The application discloses a text query method and a text query system based on an artificial intelligence technology, which relate to the field of text query and comprise the following steps: s1, collecting data of related texts; s2, automatically analyzing the collected foreign language text; s3, analyzing event types of the input Chinese inquiry sentences; according to the text query method and system based on the artificial intelligence technology, the collected foreign text is automatically analyzed, the event information extraction effect of the model can be effectively improved, meanwhile, query auxiliary sentences are constructed through the bilingual mapping dictionary, the distance between the query sentences and the search document language is shortened through a mode of sharing an encoder, then semantic alignment of the query sentences and the query auxiliary sentences is achieved through an interaction attention mechanism, finally, event information is integrated through the information fusion module, the understanding of the search model on text semantic information is improved, and the accuracy of foreign document query can be guaranteed through respective analysis and fusion of bilingual.

Description

Text query method and system based on artificial intelligence technology
Technical Field
The application relates to a text query technology, in particular to a text query method and a text query system based on an artificial intelligence technology.
Background
With the popularity and development of communication technology and computer technology, more and more users will utilize search engines for retrieval. The search engine can understand human natural language to a certain extent based on the natural language understanding platform, extract key content from the natural language and use the key content for searching, and finally achieve the effect of enabling the text understood by the search engine to be unified with the query text to be searched by the user and to a high degree. In such cases, a suitable natural language understanding platform is important to be able to accurately understand the user query text.

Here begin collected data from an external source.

lemma large_ratio_fiber_bound:
  assumes "T < card (ratio_fiber p x M r)" "0 < T"
  shows "\<exists>d \<in> {-(M div T)..M div T} \<times> {1..M div T}. r = ratio_mod p (fst d) (snd d) \<and>
           real (card (ratio_fiber p x M r)) \<le> M / max \<bar>fst d\<bar> (snd d) + 1"
proof -
  have "finite (ratio_fiber p x M r)" unfolding ratio_fiber_def by simp
  moreover have "\<not> card (ratio_fiber p x M r) \<le> Suc 0" using assms by linarith
  ultimately obtain e e' where "e \<in> ratio_fiber p x M r" "e' \<in> ratio_fiber p x M r" "e \<noteq> e'"
    by (auto simp: card_le_Suc0_iff_eq)
  then obtain a b where ab: "coprime a b" "\<bar>a\<bar> \<le> M" "0 < b" "b \<le> M" "r = ratio_mod p a b"
    using ratio_fiber_reduced_fraction by blast
  define h where "h = max \<bar>a\<bar> b"
  have "0 < h" unfolding h_def using ab by simp
  have card: "int (card (ratio_fiber p x M r)) \<le> M div h + 1"
    using card_ratio_fiber_le ab unfolding h_def by blast
  then have "int T \<le> M div h" using assms(1) by linarith
  then have "int T * h \<le> M div h * h" using \<open>0 < h\<close> by simp
  also have "\<dots> \<le> M" using \<open>0 < h\<close> minus_mod_eq_div_mult[of M h] pos_mod_sign[of h M] by linarith
  finally have "(int T * h) div int T \<le> M div int T" using assms(2) by (intro zdiv_mono1) auto
  then have "h \<le> M div int T" using assms(2) by simp
  moreover have "real (card (ratio_fiber p x M r)) \<le> M / h + 1"
    using card real_of_int_div4[of M h] by linarith
  ultimately show ?thesis using ab unfolding h_def by (intro bexI[of _ "(a, b)"]) auto
qed
lemma limit_bijection:
  fixes X Y :: "nat \<Rightarrow> 'a list"
  assumes prefix_X: "\<And>k. prefix (X k) (X (Suc k))" and prefix_Y: "\<And>k. prefix (Y k) (Y (Suc k))"
    and len: "\<And>k. length (X k) = length (Y k)"
    and eq: "\<And>k i j. i < length (X k) \<Longrightarrow> j < length (X k) \<Longrightarrow> X k ! i = X k ! j \<longleftrightarrow> Y k ! i = Y k ! j"
    and cover_X: "\<And>x. \<exists>k. x \<in> set (X k)" and cover_Y: "\<And>y. \<exists>k. y \<in> set (Y k)"
  shows "\<exists>g. bij g \<and> (\<forall>k. Y k = map g (X k))"
proof -
  define R where "R = (\<Union>k. set (zip (X k) (Y k)))"
  have zip_mono: "set (zip (X k) (Y k)) \<subseteq> set (zip (X K) (Y K))" if "k \<le> K" for k K
    using prefix_zip_mono[OF prefix_chain_mono[of X, OF prefix_X that]
        prefix_chain_mono[of Y, OF prefix_Y that] len] .
  have stage_consistent: "p = p' \<longleftrightarrow> q = q'"
    if "(p, q) \<in> set (zip (X k) (Y k))" "(p', q') \<in> set (zip (X k) (Y k))" for k p q p' q'
    using that eq[of _ k] by (auto simp: in_set_zip)
  have "\<exists>g. bij g \<and> (\<forall>p q. (p, q) \<in> R \<longrightarrow> q = g p)"
  proof (rule bij_from_relation)
    fix p q p' q' assume "(p, q) \<in> R" "(p', q') \<in> R"
    then obtain k k' where "(p, q) \<in> set (zip (X k) (Y k))" "(p', q') \<in> set (zip (X k') (Y k'))"
      by (auto simp: R_def)
    then have "(p, q) \<in> set (zip (X (max k k')) (Y (max k k')))"
      "(p', q') \<in> set (zip (X (max k k')) (Y (max k k')))"
      using zip_mono[of k "max k k'"] zip_mono[of k' "max k k'"] by auto
    then show "p = p' \<longleftrightarrow> q = q'" by (rule stage_consistent)
  next
    fix p
    obtain k where "p \<in> set (X k)" using cover_X by blast
    then obtain q where "(p, q) \<in> set (zip (X k) (Y k))"
      using in_set_impl_in_set_zip1[OF len] by metis
    then show "\<exists>q. (p, q) \<in> R" by (auto simp: R_def)
  next
    fix q
    obtain k where "q \<in> set (Y k)" using cover_Y by blast
    then obtain p where "(p, q) \<in> set (zip (X k) (Y k))"
      using in_set_impl_in_set_zip2[OF len] by metis
    then show "\<exists>p. (p, q) \<in> R" by (auto simp: R_def)
  qed
  then obtain g where g: "bij g" "\<And>p q. (p, q) \<in> R \<Longrightarrow> q = g p" by blast
  have "Y k = map g (X k)" for k
  proof (rule nth_equalityI)
    fix i assume "i < length (Y k)"
    then have "(X k ! i, Y k ! i) \<in> R" using len by (auto simp: R_def in_set_zip)
    then show "Y k ! i = map g (X k) ! i" using g(2) \<open>i < length (Y k)\<close> len by auto
  qed (simp add: len)
  then show ?thesis using g(1) by blast
qed

definition same_type :: "(nat \<Rightarrow> nat) \<Rightarrow> (nat \<Rightarrow> nat list set set) \<Rightarrow> nat list \<Rightarrow> nat list \<Rightarrow> bool" where
  "same_type d Q x y \<longleftrightarrow> length x = length y \<and>
     (\<forall>\<phi>. fv \<phi> \<subseteq> {..<length x} \<longrightarrow> (sat d Q \<phi> (tuple_assign x) \<longleftrightarrow> sat d Q \<phi> (tuple_assign y)))"

lemma same_type_sym: "same_type d Q x y \<Longrightarrow> same_type d Q y x"
  by (auto simp: same_type_def)

lemma same_type_Aut:
  assumes "g \<in> Aut d Q"
  shows "same_type d Q x (map g x)"
  unfolding same_type_def
proof (intro conjI allI impI)
  fix \<phi> assume fv: "fv \<phi> \<subseteq> {..<length x}"
  have "sat d Q \<phi> (tuple_assign (map g x)) \<longleftrightarrow> sat d Q \<phi> (g \<circ> tuple_assign x)"
    by (rule sat_cong) (use fv in \<open>auto simp: tuple_assign_def\<close>)
  then show "sat d Q \<phi> (tuple_assign x) \<longleftrightarrow> sat d Q \<phi> (tuple_assign (map g x))"
    using sat_Aut[OF assms] by simp
qed simp

lemma same_type_eq_iff:
  assumes "same_type d Q x y" "i < length x" "j < length x"
  shows "x ! i = x ! j \<longleftrightarrow> y ! i = y ! j"
proof -
  have "fv (FEq i j) \<subseteq> {..<length x}" using assms(2,3) by simp
  then have "sat d Q (FEq i j) (tuple_assign x) \<longleftrightarrow> sat d Q (FEq i j) (tuple_assign y)"
    using assms(1) unfolding same_type_def by blast
  moreover have "length y = length x" using assms(1) by (simp add: same_type_def)
  ultimately show ?thesis using assms(2,3) by (simp add: tuple_assign_def)
qed

lemma sat_tuple_assign_snoc:
  assumes "fv \<phi> \<subseteq> {..<Suc (length x)}"
  shows "sat d Q \<phi> (tuple_assign (x @ [c])) \<longleftrightarrow> sat d Q \<phi> ((tuple_assign x)(length x := c))"
  by (rule sat_cong) (use assms in \<open>auto simp: tuple_assign_def nth_append\<close>)

text \<open>If no z
  worked, the countable conjunction of formulas refuting every z, existentially quantified,
  would hold of x but not of y.\<close>

lemma same_type_extend:
  assumes xy: "same_type d Q x y"
  shows "\<exists>z. same_type d Q (x @ [c]) (y @ [z])"
proof (rule ccontr)
  assume "\<nexists>z. same_type d Q (x @ [c]) (y @ [z])"
  then have "\<forall>z. \<exists>\<psi>. fv \<psi> \<subseteq> {..<Suc (length x)} \<and>
      sat d Q \<psi> (tuple_assign (x @ [c])) \<and> \<not> sat d Q \<psi> (tuple_assign (y @ [z]))"
    using xy unfolding same_type_def
    by simp (metis sat.simps(2) fv.simps(2))
  then obtain \<psi> where \<psi>: "\<And>z. fv (\<psi> z) \<subseteq> {..<Suc (length x)}"
    "\<And>z. sat d Q (\<psi> z) (tuple_assign (x @ [c]))" "\<And>z. \<not> sat d Q (\<psi> z) (tuple_assign (y @ [z]))"
    by metis
  define \<Phi> where "\<Phi> = FEx (length x) (conj_over UNIV \<psi>)"
  have "fv \<Phi> \<subseteq> {..<length x}"
    using fv_conj_over[of UNIV \<psi>] \<psi>(1) by (fastforce simp: \<Phi>_def)
  moreover have "sat d Q \<Phi> (tuple_assign x)"
    using \<psi>(1,2) sat_tuple_assign_snoc by (auto simp: \<Phi>_def sat_conj_over)
  ultimately have "sat d Q \<Phi> (tuple_assign y)" using xy by (simp add: same_type_def)
  then obtain z where "\<forall>z'. sat d Q (\<psi> z') ((tuple_assign y)(length y := z))"
    using xy by (auto simp: \<Phi>_def sat_conj_over same_type_def)
  then have "sat d Q (\<psi> z) (tuple_assign (y @ [z]))"
    using \<psi>(1) sat_tuple_assign_snoc xy by (metis same_type_def)
  then show False using \<psi>(3) by blast
qed
lemma braid_relation:
  assumes "gcm A" "s \<noteq> t" "A s t * A t s < 4"
  shows "act A (alt s t (braid_length A s t)) = act A (alt t s (braid_length A s t))"
proof
  fix x
  have "act A (alt s t (braid_length A s t)) (offset s t x 0 0)
      = act A (alt t s (braid_length A s t)) (offset s t x 0 0)"
    using gcm_finite_rank2_cases[OF assms] assms(1)
    by (elim insertE emptyE; simp add: braid_length_def alt_numeral sr_offset_fst sr_offset_snd;
        intro arg_cong2[where f = "offset s t x"]; linarith)
  then show "act A (alt s t (braid_length A s t)) x = act A (alt t s (braid_length A s t)) x"
    unfolding offset_zero .
qed

lemma braid_length_dual_cartan [simp]: "braid_length (dual_cartan A) s t = braid_length A s t"
  by (simp add: braid_length_def dual_cartan_def mult.commute)

lemma act_alt_sroot_nonneg:
  assumes "gcm A" "s \<noteq> t" "4 \<le> A s t * A t s \<or> k < braid_length A s t"
  shows "nonneg_lincomb2 s t (act A (alt s t k) (sroot s))"
  using assms act_alt_sroot_nonneg_infinite act_alt_sroot_nonneg_finite by fastforce

lemma weyl_elem_braid:
  assumes "gcm A" "s \<noteq> t" "A s t * A t s < 4"
  shows "weyl_elem A (alt s t (braid_length A s t)) = weyl_elem A (alt t s (braid_length A s t))"
proof -
  have "dual_cartan A s t * dual_cartan A t s < 4"
    using assms(3) by (simp add: dual_cartan_def mult.commute)
  then have "act (dual_cartan A) (alt s t (braid_length A s t)) = act (dual_cartan A) (alt t s (braid_length A s t))"
    using braid_relation[OF gcm_dual_cartan[OF assms(1)] assms(2)] by simp
  then show ?thesis
    using braid_relation[OF assms] by (simp add: weyl_elem_def actv_eq_act_dual_cartan)
qed

lemma alt_reduced_lt_braid_length:
  assumes "gcm A" "s \<noteq> t" "A s t * A t s < 4"
    and reduced: "word_length A {s, t} (alt s t k) = k"
    and no_descent: "k \<le> word_length A {s, t} (alt s t k @ [s])"
  shows "k < braid_length A s t"
proof (rule ccontr)
  define m where "m = braid_length A s t"
  assume "\<not> k < braid_length A s t"
  then have "m \<le> k" "0 < m" unfolding m_def braid_length_def by auto
  have braid: "weyl_elem A (alt s t m) = weyl_elem A (alt t s m)"
    unfolding m_def using weyl_elem_braid[OF assms(1-3)] .
  then consider "k = m" | "m < k" using \<open>m \<le> k\<close> by linarith
  then show False
  proof cases
    case 1
    obtain B where B: "alt t s m = B @ [s]"
      using last_alt[OF \<open>0 < m\<close>, of t s] by (metis alt_eq_Nil_iff append_butlast_last_id \<open>0 < m\<close> neq0_conv)
    have "weyl_elem A (alt s t k @ [s]) = weyl_elem A (B @ [s, s])"
      using 1 braid B weyl_elem_append_cong by fastforce
    also have "\<dots> = weyl_elem A B"
      using weyl_elem_cancel_snoc[OF assms(1)] .
    finally have "word_length A {s, t} (alt s t k @ [s]) = word_length A {s, t} B"
      by (rule word_length_cong)
    also have "\<dots> \<le> length B"
      using word_length_le[of B "{s, t}" A] B set_alt[of t s m] by (auto simp: insert_commute)
    finally have "k \<le> length B"
      using no_descent by linarith
    then show False using B 1 by (metis length_alt length_append_singleton lessI not_le)
  next
    case 2
    define Q where "Q = take (k - Suc m) (alt s t k)"
    define c where "c = (if even m then t else s)"
    have "alt s t k = Q @ alt s t (Suc m)"
      using drop_alt[of "k - Suc m" s t "Suc m"] 2 unfolding Q_def
      by (metis Suc_leI append_take_drop_id le_add_diff_inverse2)
    then have "weyl_elem A (alt s t k) = weyl_elem A ((Q @ [c]) @ alt s t m)"
      by (simp add: c_def)
    also have "\<dots> = weyl_elem A ((Q @ [c]) @ alt t s m)"
      by (rule weyl_elem_append_cong[OF refl braid])
    also have "\<dots> = weyl_elem A (Q @ [c, c] @ alt t s (m - 1))"
      using \<open>0 < m\<close> by (cases m) (simp_all add: c_def)
    also have "\<dots> = weyl_elem A (Q @ alt t s (m - 1))"
      using weyl_elem_cancel[OF assms(1)] .
    finally have "k = word_length A {s, t} (Q @ alt t s (m - 1))"
      using reduced word_length_cong by metis
    moreover have "set (Q @ alt t s (m - 1)) \<subseteq> {s, t}"
      using set_alt[of s t k] set_alt[of t s "m - 1"] set_take_subset[of "k - Suc m" "alt s t k"]
      unfolding Q_def by auto
    ultimately have "k \<le> length (Q @ alt t s (m - 1))"
      using word_length_le by metis
    then show False using 2 \<open>0 < m\<close> by (simp add: Q_def)
  qed
qed

lemma dihedral_reduced_word_eq_alt:
  assumes "gcm A" "s \<noteq> t" "set v \<subseteq> {s, t}"
    and no_descent: "word_length A {s, t} v \<le> word_length A {s, t} (v @ [s])"
  obtains k where "weyl_elem A v = weyl_elem A (alt s t k)"
    "4 \<le> A s t * A t s \<or> k < braid_length A s t"
proof -
  define k where "k = word_length A {s, t} v"
  obtain u where u: "set u \<subseteq> {s, t}" "length u = k" "weyl_elem A u = weyl_elem A v"
    using reduced_word_exists[OF assms(3)] unfolding k_def .
  have no_repeat: "u \<noteq> xs @ [c, c] @ ys" for xs ys c
  proof
    assume "u = xs @ [c, c] @ ys"
    moreover from this have "weyl_elem A (xs @ ys) = weyl_elem A v"
      using u(3) weyl_elem_cancel[OF assms(1)] by metis
    ultimately show False
      using word_length_le[of "xs @ ys" "{s, t}" A] word_length_cong[of A "xs @ ys" v "{s, t}"] u
      unfolding k_def by auto
  qed
  have no_final_s: "u = [] \<or> last u \<noteq> s"
  proof (rule ccontr)
    assume "\<not> (u = [] \<or> last u \<noteq> s)"
    then obtain u' where u': "u = u' @ [s]" by (metis append_butlast_last_id)
    have "weyl_elem A (v @ [s]) = weyl_elem A (u' @ [s, s])"
      using weyl_elem_append_cong[OF u(3)[symmetric] refl, of "[s]"] u' by simp
    then have "weyl_elem A (v @ [s]) = weyl_elem A u'"
      using weyl_elem_cancel_snoc[OF assms(1)] by simp
    then show False
      using no_descent word_length_le[of u' "{s, t}" A] word_length_cong[of A "v @ [s]" u' "{s, t}"] u u'
      unfolding k_def by auto
  qed
  have alt: "u = alt s t k"
    using alternating_eq_alt[OF u(1) assms(2) no_repeat no_final_s] u(2) by simp
  have "k < braid_length A s t" if "A s t * A t s < 4"
  proof (rule alt_reduced_lt_braid_length[OF assms(1,2) that])
    show "word_length A {s, t} (alt s t k) = k"
      using word_length_cong[OF u(3)] alt k_def by simp
    show "k \<le> word_length A {s, t} (alt s t k @ [s])"
      using no_descent word_length_cong[OF weyl_elem_append_cong[OF u(3) refl, of "[s]"]] alt k_def
      by simp
  qed
  then show ?thesis using that[of k] alt u(3) by fastforce
qed

lemma dihedral_act_sroot_nonneg:
  assumes "gcm A" "s \<noteq> t" "set v \<subseteq> {s, t}"
    and "word_length A {s, t} v \<le> word_length A {s, t} (v @ [s])"
  shows "nonneg_lincomb2 s t (act A v (sroot s)) \<and> nonneg_lincomb2 s t (actv A v (sroot s))"
proof -
  obtain k where k: "weyl_elem A v = weyl_elem A (alt s t k)"
    "4 \<le> A s t * A t s \<or> k < braid_length A s t"
    using dihedral_reduced_word_eq_alt[OF assms] .
  have "4 \<le> dual_cartan A s t * dual_cartan A t s \<or> k < braid_length (dual_cartan A) s t"
    using k(2) by (simp only: braid_length_dual_cartan) (simp add: dual_cartan_def mult.commute)
  then have "nonneg_lincomb2 s t (act (dual_cartan A) (alt s t k) (sroot s))"
    using act_alt_sroot_nonneg gcm_dual_cartan assms(1,2) by blast
  moreover have "nonneg_lincomb2 s t (act A (alt s t k) (sroot s))"
    using act_alt_sroot_nonneg assms(1,2) k(2) by blast
  ultimately show ?thesis
    using k(1) by (simp add: weyl_elem_def actv_eq_act_dual_cartan)
qed

section \<open>Positivity of roots\<close>

definition nonneg :: "('i \<Rightarrow> int) \<Rightarrow> bool" where
  "nonneg x \<longleftrightarrow> (\<forall>j. 0 \<le> x j)"

lemma nonneg_sroot: "nonneg (sroot i)"
  by (simp add: nonneg_def sroot_def)

lemma act_lincomb2_nonneg:
  assumes "nonneg_lincomb2 s t x" "nonneg (act A v (sroot s))" "nonneg (act A v (sroot t))"
  shows "nonneg (act A v x)"
proof -
  obtain p q where "0 \<le> p" "0 \<le> q" "x = lincomb2 s t p q"
    using assms(1) unfolding nonneg_lincomb2_def by blast
  with assms(2,3) show ?thesis
    by (simp add: lincomb2_def act_lincomb nonneg_def)
qed

lemma act_sroot_nonneg_dihedral_step:
  assumes "gcm A" "s \<noteq> t" "set vI \<subseteq> {s, t}"
    and "word_length A {s, t} vI \<le> word_length A {s, t} (vI @ [s])"
    and "\<And>c. c \<in> {s, t} \<Longrightarrow> nonneg (act A v (sroot c)) \<and> nonneg (actv A v (sroot c))"
  shows "nonneg (act A (v @ vI) (sroot s)) \<and> nonneg (actv A (v @ vI) (sroot s))"
  using dihedral_act_sroot_nonneg[OF assms(1-4)] assms(5)[of s] assms(5)[of t]
    act_lincomb2_nonneg[of s t "act A vI (sroot s)" A v]
    act_lincomb2_nonneg[of s t "act (dual_cartan A) vI (sroot s)" "dual_cartan A" v]
  by (simp add: act_append actv_eq_act_dual_cartan)

lemma minimal_dihedral_factorization:
  assumes "gcm A" "weyl_elem A (w1 @ [t]) = weyl_elem A ws"
    and "word_length A UNIV w1 < word_length A UNIV ws"
  obtains v vI where "set vI \<subseteq> {s, t}" "weyl_elem A (v @ vI) = weyl_elem A ws"
    "word_length A UNIV v + word_length A {s, t} vI \<le> word_length A UNIV ws"
    "word_length A UNIV v < word_length A UNIV ws"
    "\<And>c. c \<in> {s, t} \<Longrightarrow> word_length A UNIV v \<le> word_length A UNIV (v @ [c])"
proof -
  define P where "P = (\<lambda>(v, vI). set vI \<subseteq> {s, t} \<and> weyl_elem A (v @ vI) = weyl_elem A ws
    \<and> word_length A UNIV v + word_length A {s, t} vI \<le> word_length A UNIV ws)"
  have "word_length A {s, t} [t] \<le> 1"
    using word_length_le[of "[t]" "{s, t}" A] by simp
  then have "P (w1, [t])"
    using assms(2,3) unfolding P_def by auto
  then obtain v vI where P: "P (v, vI)"
    and least: "\<And>v' vI'. P (v', vI') \<Longrightarrow> word_length A UNIV v \<le> word_length A UNIV v'"
    using ex_has_least_nat[of P "(w1, [t])" "\<lambda>(v, vI). word_length A UNIV v"] by fastforce
  have no_descent: "word_length A UNIV v \<le> word_length A UNIV (v @ [c])" if "c \<in> {s, t}" for c
  proof (rule ccontr)
    assume shorter: "\<not> ?thesis"
    have "weyl_elem A ((v @ [c]) @ c # vI) = weyl_elem A (v @ vI)"
      using weyl_elem_cancel[OF assms(1), of v c vI] by simp
    moreover have "word_length A {s, t} (c # vI) \<le> word_length A {s, t} vI + 1"
      using word_length_Cons[OF that] P unfolding P_def by simp
    ultimately have "P (v @ [c], c # vI)"
      using P that shorter unfolding P_def by auto
    then show False using least shorter by fastforce
  qed
  moreover have "word_length A UNIV v < word_length A UNIV ws"
    using least[OF \<open>P (w1, [t])\<close>] assms(3) by simp
  ultimately show ?thesis
    using that P unfolding P_def by blast
qed

theorem act_sroot_nonneg_if_no_descent:
  assumes "gcm A" "word_length A UNIV ws \<le> word_length A UNIV (ws @ [s])"
  shows "nonneg (act A ws (sroot s)) \<and> nonneg (actv A ws (sroot s))"
  using assms(2)
proof (induction "word_length A UNIV ws" arbitrary: ws s rule: less_induct)
  case less
  obtain w0 where w0: "length w0 = word_length A UNIV ws" "weyl_elem A w0 = weyl_elem A ws"
    using reduced_word_exists[of ws UNIV A] by blast
  show ?case
  proof (cases w0 rule: rev_cases)
    case Nil
    then show ?thesis
      using weyl_elem_eq_act[OF w0(2)] by (simp add: nonneg_sroot)
  next
    case (snoc w1 t)
    have shorter: "word_length A UNIV w1 < word_length A UNIV ws"
      using word_length_le[of w1 UNIV A] w0(1) snoc by simp
    have "t \<noteq> s"
    proof
      assume "t = s"
      then have "weyl_elem A (ws @ [s]) = weyl_elem A (w1 @ [s, s])"
        using weyl_elem_append_cong[OF w0(2)[symmetric] refl, of "[s]"] snoc by simp
      then have "word_length A UNIV (ws @ [s]) = word_length A UNIV w1"
        using weyl_elem_cancel_snoc[OF assms(1)] word_length_cong by metis
      then show False using less.prems shorter by simp
    qed
    obtain v vI where vI: "set vI \<subseteq> {s, t}" "weyl_elem A (v @ vI) = weyl_elem A ws"
      "word_length A UNIV v + word_length A {s, t} vI \<le> word_length A UNIV ws"
      and shorter_v: "word_length A UNIV v < word_length A UNIV ws"
      and no_descent_v: "\<And>c. c \<in> {s, t} \<Longrightarrow> word_length A UNIV v \<le> word_length A UNIV (v @ [c])"
      using minimal_dihedral_factorization[OF assms(1) _ shorter] w0(2) snoc by metis
    have "word_length A {s, t} vI \<le> word_length A {s, t} (vI @ [s])"
    proof (rule ccontr)
      assume descent: "\<not> ?thesis"
      have "word_length A UNIV (ws @ [s]) = word_length A UNIV (v @ vI @ [s])"
        using weyl_elem_append_cong[OF vI(2)[symmetric] refl, of "[s]"] word_length_cong by simp
      also have "\<dots> \<le> word_length A UNIV v + word_length A UNIV (vI @ [s])"
        using word_length_append[of v UNIV "vI @ [s]" A] by simp
      also have "\<dots> \<le> word_length A UNIV v + word_length A {s, t} (vI @ [s])"
        using word_length_mono[of "vI @ [s]" "{s, t}" UNIV A] vI(1) by simp
      finally show False
        using descent vI(3) less.prems by simp
    qed
    then have "nonneg (act A (v @ vI) (sroot s)) \<and> nonneg (actv A (v @ vI) (sroot s))"
      using act_sroot_nonneg_dihedral_step[OF assms(1) \<open>t \<noteq> s\<close>[symmetric] vI(1)]
        less.hyps[OF shorter_v no_descent_v] by blast
    then show ?thesis
      using weyl_elem_eq_act[OF vI(2)] by simp
  qed
qed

The prior art includes a natural language understanding platform, such as a training mode based on Crowdsourcing (crowds) mechanism for a natural language understanding system. The system provides a collaborative interactive platform for a plurality of developers to commonly provide training data to perform training of natural language understanding tasks.
However, the inventor uses foreign language documents of foreign language in the process of implementing the application, so that the inventor needs to query in the foreign language text, and the existing foreign language text query mode is mostly to query in the foreign language text after translating the query requirement, so that errors are easily generated in the process of querying the foreign language text due to different translations.
Disclosure of Invention
The application aims to provide a text query method and a text query system based on an artificial intelligence technology, which aim to solve the problem that in the prior art, foreign text query modes are mostly translated to query requirements, and then query is carried out in foreign text, so that errors are easily generated when foreign text query is carried out due to different translations.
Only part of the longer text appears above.